(DATASET CONTENT)

(* Let $k\ge1$ and $r\ge0$ be integers, and let $\mathcal{C}$ be a multiset of $2^k+r$ non-zero residues modulo $2^{k+1}$ such that no sub-collection sums to $2^k$ modulo $2^{k+1}$, and such that for no odd $\lambda$ can $\lambda\cdot\mathcal{C}$ be type 1 compressed. Fix $i$ and a sub-multiset $\mathcal{C}_i\subseteq\mathcal{C}$ with $|\mathcal{C}_i|=i$. Choose an element $x$ of $\mathcal{C}\setminus\mathcal{C}_i$ so that, with $\mathcal{C}_{i+1}=\mathcal{C}_i\cup\{x\}$, the size $|\mathcal{C}_{i+1}^*\setminus\mathcal{C}_i^*|$ is maximal. Then $|\mathcal{C}_{i+1}^*\setminus\mathcal{C}_i^*|>2$ unless at least one of the following holds: (1) $|\mathcal{C}_i^*|\le5$ or $|\mathcal{C}_i^*|\ge2^{k+1}-5$; (2) all elements of $\mathcal{C}\setminus\mathcal{C}_i$ are even; (3) there is an odd residue $u$ such that every element of $\mathcal{C}\setminus\mathcal{C}_i$ lies in $\{u,-u,2^k-u,-(2^k-u)\}$ modulo $2^{k+1}$.
   Context: Multisets are called collections; $\mathcal{C}\setminus\mathcal{C}_i$ is the multiset difference. For a multiset $\mathcal{D}=\{a_1,\dots,a_d\}$ of residues modulo $2^{k+1}$, $\mathcal{D}^*=\{\sum_{i\in I}a_i \bmod 2^{k+1}: I\subseteq[d]\}$ (including $0$). $\lambda\cdot\mathcal{C}=\{\lambda c:c\in\mathcal{C}\}$. For a residue $t$, $|t|$ is the minimal absolute value of an integer in its residue class. A multiset $\mathcal{D}$ can be type 1 compressed if for some $\lambda>0$ it contains at least $\lambda$ elements each equal to $\pm1$ and also an element $t$ with $1<|t|\le\lambda+1$. *)

theory Defs
  imports Main "HOL-Library.Multiset"
begin

text \<open>Residues modulo m are represented by integers; all comparisons are made modulo m.\<close>

definition subset_sums :: "int \<Rightarrow> int multiset \<Rightarrow> int set" where
  "subset_sums m D = {sum_mset S mod m | S. S \<subseteq># D}"

definition res_abs :: "int \<Rightarrow> int \<Rightarrow> int" where
  "res_abs m t = min (t mod m) (m - t mod m)"

definition type1_compressible :: "int \<Rightarrow> int multiset \<Rightarrow> bool" where
  "type1_compressible m D \<longleftrightarrow>
     (\<exists>lam::nat. lam > 0 \<and>
        size (filter_mset (\<lambda>a. a mod m = 1 mod m \<or> a mod m = (-1) mod m) D) \<ge> lam \<and>
        (\<exists>t\<in>#D. 1 < res_abs m t \<and> res_abs m t \<le> int lam + 1))"

definition scale_mset :: "int \<Rightarrow> int \<Rightarrow> int multiset \<Rightarrow> int multiset" where
  "scale_mset m lam C = image_mset (\<lambda>c. (lam * c) mod m) C"

end

theory Submission
  imports Defs "HOL-Number_Theory.Cong"
begin

(*
  Write A = C_i^* as a subset of Z/2^(k+1), encoded by the predicate "t mod M \<in> A" on the
  integers; adding z to C_i creates exactly |(A + z) - A| new sums. If the theorem failed, every
  z in C - C_i would create at most two new sums, 6 <= |A| <= 2^(k+1) - 6, and some y in C - C_i
  would be odd. Multiplying by the inverse l of y turns y into 1, and |(A + 1) - A| <= 2 says
  that A consists of at most two cyclic runs. Counting the points of each run that a shift by d
  carries into the neighbouring gap shows |(A + d) - A| >= 3 unless d is 0, +-1, +-2, 2^k or
  2^k +- 1. So l z is one of these residues: 0 and 2^k are excluded by the hypotheses on zero
  elements and half sums, +-2 would make l C type 1 compressible (it contains l y = 1), and the
  remaining values give z = +-y or z = +-(2^k - y).
*)

section \<open>Periodic predicates on the integers\<close>

definition mod_periodic :: "int \<Rightarrow> (int \<Rightarrow> bool) \<Rightarrow> bool" where
  "mod_periodic M P \<longleftrightarrow> (\<forall>a b. a mod M = b mod M \<longrightarrow> P a = P b)"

(End DATASET CONTENT)

## EXERCISE DESCRIPTION
Send back an exact copy of only the lines from the line with "theory Submission" up to and including the line with "would be odd." in the data above.

## OUTPUT FOR THIS EXERCISE
theory Submission
  imports Defs "HOL-Number_Theory.Cong"
begin

(*
  Write A = C_i^* as a subset of Z/2^(k+1), encoded by the predicate "t mod M \<in> A" on the
  integers; adding z to C_i creates exactly |(A + z) - A| new sums. If the theorem failed, every
  z in C - C_i would create at most two new sums, 6 <= |A| <= 2^(k+1) - 6, and some y in C - C_i
  would be odd. Multiplying by the inverse l of y turns y into 1, and |(A + 1) - A| <= 2 says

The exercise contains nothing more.